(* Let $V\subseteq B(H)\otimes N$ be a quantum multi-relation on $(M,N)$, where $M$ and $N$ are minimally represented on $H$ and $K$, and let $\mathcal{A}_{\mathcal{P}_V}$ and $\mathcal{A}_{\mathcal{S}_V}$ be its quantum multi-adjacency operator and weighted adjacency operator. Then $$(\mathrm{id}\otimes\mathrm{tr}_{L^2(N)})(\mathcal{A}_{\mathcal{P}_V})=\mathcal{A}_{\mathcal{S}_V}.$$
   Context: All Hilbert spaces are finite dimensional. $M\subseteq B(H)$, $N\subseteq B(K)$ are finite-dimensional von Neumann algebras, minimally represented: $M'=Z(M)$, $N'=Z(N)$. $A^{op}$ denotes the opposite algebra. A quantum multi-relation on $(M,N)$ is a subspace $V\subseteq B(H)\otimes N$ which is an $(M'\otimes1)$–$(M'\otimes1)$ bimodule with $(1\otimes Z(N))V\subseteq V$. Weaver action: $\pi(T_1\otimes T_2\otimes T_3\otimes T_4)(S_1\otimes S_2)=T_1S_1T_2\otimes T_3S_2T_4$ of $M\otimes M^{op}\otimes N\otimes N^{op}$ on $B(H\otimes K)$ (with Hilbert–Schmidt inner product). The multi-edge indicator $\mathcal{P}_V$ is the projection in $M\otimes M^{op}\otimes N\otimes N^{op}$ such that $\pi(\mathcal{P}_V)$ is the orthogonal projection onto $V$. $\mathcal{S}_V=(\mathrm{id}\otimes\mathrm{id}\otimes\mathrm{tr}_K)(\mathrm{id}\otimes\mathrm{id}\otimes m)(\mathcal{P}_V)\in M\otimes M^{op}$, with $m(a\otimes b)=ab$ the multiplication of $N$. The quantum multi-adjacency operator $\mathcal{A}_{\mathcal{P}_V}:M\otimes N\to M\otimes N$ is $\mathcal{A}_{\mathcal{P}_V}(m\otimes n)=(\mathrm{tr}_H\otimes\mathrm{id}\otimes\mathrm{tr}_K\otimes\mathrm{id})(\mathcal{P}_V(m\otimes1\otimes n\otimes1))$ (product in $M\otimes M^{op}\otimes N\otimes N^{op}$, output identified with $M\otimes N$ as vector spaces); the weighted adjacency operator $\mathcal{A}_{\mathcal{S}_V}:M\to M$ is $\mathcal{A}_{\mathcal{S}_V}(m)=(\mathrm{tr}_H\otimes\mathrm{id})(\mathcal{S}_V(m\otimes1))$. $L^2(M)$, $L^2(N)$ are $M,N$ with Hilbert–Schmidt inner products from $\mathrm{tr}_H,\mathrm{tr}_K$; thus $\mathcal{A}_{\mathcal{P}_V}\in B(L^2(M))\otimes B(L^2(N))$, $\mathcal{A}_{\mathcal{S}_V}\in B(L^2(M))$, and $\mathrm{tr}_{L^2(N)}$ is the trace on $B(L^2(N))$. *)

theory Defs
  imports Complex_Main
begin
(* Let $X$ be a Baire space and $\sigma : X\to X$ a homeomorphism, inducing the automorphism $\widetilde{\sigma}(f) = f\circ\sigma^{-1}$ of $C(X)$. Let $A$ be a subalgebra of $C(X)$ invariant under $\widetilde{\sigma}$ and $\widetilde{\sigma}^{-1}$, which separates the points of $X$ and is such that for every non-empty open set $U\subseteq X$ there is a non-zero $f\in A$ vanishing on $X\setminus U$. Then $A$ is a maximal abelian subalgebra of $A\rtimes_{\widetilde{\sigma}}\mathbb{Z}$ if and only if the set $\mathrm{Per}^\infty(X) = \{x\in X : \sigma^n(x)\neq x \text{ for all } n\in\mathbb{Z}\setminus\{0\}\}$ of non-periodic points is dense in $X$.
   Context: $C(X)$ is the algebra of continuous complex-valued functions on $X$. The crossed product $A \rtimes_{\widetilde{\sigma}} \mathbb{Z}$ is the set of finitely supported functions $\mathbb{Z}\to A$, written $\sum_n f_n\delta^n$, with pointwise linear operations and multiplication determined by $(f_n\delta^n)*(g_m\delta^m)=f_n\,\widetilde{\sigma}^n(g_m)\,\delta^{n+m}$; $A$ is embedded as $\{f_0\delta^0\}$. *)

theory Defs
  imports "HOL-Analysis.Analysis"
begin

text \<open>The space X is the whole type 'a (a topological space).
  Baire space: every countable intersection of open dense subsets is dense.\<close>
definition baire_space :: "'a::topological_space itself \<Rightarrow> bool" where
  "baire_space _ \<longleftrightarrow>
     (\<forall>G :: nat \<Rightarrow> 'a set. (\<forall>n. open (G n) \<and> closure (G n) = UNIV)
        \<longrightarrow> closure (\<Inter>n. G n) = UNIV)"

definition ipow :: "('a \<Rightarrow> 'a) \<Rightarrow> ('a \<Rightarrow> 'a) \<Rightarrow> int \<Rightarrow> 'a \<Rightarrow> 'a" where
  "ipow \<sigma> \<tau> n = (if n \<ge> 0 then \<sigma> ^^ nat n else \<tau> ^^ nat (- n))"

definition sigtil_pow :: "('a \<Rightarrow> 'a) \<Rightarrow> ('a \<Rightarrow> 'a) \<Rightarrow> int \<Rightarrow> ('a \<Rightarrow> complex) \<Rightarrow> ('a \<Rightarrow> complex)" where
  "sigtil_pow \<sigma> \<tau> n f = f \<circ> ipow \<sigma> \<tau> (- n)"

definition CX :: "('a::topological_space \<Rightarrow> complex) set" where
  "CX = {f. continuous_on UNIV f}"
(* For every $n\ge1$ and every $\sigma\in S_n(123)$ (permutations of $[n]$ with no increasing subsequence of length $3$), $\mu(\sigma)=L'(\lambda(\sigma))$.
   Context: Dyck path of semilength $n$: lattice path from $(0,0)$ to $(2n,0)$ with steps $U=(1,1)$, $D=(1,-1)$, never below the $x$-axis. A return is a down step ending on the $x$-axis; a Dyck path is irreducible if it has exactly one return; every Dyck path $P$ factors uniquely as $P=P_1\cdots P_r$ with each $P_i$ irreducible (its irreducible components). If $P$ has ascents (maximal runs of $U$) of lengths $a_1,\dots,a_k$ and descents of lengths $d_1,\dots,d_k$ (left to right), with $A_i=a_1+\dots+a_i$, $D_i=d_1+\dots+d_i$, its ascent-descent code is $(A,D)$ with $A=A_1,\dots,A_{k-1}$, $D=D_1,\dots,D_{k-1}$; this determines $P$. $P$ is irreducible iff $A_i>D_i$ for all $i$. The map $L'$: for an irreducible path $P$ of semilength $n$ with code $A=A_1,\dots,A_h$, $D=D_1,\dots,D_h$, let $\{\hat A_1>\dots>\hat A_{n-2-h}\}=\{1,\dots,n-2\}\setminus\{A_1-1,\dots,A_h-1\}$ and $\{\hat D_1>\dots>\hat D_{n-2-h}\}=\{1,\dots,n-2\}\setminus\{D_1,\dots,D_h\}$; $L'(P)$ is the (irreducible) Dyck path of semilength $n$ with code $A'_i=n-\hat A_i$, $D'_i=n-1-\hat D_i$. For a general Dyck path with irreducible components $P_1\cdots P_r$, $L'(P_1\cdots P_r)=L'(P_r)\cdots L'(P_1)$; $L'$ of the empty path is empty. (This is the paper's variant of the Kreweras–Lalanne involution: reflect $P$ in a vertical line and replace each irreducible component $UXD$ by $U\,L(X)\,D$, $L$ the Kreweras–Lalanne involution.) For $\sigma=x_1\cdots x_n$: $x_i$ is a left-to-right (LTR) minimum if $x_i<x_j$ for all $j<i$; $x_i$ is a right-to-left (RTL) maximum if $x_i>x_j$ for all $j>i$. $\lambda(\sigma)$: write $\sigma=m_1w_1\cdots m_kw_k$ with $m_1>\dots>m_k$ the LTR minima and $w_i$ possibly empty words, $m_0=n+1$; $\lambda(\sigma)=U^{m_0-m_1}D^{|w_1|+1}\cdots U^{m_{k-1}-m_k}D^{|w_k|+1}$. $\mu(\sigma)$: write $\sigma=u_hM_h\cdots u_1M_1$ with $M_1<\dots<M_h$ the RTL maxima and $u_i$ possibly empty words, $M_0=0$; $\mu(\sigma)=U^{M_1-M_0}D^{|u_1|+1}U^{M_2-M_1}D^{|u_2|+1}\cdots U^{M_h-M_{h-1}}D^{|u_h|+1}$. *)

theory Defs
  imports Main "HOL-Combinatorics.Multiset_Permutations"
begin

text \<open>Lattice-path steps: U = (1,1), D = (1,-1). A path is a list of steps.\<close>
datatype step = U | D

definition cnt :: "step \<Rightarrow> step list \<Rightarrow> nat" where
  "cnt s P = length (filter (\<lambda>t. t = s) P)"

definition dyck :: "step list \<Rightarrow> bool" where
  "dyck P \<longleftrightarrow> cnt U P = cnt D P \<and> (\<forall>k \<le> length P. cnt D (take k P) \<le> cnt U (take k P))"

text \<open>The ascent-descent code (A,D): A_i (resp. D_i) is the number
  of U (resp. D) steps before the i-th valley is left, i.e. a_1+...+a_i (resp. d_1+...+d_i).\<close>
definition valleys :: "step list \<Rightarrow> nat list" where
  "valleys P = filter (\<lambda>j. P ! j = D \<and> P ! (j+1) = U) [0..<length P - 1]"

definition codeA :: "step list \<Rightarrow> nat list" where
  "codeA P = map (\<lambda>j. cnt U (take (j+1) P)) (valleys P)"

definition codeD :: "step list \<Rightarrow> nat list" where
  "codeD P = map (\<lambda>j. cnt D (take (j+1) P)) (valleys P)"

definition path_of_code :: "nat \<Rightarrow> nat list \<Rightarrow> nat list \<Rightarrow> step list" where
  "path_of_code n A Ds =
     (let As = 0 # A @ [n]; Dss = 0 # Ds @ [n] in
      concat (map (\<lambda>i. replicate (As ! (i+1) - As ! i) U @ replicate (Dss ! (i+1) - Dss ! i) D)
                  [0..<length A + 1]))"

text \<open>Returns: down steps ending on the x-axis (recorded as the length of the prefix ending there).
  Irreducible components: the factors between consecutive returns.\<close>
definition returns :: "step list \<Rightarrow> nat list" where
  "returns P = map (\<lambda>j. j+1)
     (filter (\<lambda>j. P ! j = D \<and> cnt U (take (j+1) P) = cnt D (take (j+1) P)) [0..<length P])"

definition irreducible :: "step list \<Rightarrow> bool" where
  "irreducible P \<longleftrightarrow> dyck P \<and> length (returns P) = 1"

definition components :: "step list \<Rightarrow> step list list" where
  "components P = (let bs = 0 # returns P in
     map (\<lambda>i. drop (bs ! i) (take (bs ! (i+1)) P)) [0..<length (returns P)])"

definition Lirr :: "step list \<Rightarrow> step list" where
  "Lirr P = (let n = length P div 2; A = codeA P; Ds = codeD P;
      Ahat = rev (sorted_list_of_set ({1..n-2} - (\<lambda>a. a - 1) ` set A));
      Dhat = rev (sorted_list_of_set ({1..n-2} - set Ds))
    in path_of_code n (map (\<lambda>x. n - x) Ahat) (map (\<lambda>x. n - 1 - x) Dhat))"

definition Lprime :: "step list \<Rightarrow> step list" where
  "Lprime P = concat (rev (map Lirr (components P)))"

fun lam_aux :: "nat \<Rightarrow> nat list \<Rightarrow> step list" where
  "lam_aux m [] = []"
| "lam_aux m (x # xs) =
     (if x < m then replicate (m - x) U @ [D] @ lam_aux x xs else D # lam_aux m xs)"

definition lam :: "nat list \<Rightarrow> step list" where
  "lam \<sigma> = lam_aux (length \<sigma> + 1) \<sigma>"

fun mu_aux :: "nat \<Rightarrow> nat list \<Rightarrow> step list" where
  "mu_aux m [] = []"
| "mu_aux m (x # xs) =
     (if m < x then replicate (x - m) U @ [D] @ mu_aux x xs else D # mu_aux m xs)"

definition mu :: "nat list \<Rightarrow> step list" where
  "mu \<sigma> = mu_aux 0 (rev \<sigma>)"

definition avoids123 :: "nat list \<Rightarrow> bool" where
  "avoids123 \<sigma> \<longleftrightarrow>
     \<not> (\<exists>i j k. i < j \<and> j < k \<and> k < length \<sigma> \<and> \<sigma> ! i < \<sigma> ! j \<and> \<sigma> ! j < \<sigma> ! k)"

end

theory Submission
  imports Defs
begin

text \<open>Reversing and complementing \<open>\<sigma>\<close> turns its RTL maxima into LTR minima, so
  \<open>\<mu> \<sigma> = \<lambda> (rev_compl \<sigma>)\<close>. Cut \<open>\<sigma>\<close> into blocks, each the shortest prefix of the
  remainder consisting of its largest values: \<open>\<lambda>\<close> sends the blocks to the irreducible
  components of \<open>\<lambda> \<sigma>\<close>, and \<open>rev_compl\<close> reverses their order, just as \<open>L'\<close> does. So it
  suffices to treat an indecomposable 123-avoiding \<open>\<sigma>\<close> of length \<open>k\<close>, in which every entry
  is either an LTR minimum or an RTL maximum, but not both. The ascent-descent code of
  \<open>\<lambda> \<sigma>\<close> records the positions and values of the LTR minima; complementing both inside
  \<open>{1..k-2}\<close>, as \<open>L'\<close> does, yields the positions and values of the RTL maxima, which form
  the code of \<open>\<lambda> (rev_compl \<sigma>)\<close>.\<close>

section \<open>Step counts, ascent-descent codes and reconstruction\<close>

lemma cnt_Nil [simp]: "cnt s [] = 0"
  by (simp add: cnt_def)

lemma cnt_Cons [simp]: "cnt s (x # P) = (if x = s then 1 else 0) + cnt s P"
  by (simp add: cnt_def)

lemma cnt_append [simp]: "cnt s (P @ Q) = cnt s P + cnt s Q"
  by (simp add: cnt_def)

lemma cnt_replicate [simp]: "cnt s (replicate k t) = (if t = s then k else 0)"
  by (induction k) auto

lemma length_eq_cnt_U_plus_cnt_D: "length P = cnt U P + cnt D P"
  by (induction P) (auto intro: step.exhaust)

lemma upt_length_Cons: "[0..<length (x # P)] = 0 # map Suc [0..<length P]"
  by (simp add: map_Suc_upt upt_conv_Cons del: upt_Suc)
**********
### Instructions to follow
From the entries, report every line in which the string "both" occurs.

### Written answer
  is either an LTR minimum or an RTL maximum, but not both. The ascent-descent code of
  \<open>\<lambda> \<sigma>\<close> records the positions and values of the LTR minima; complementing both inside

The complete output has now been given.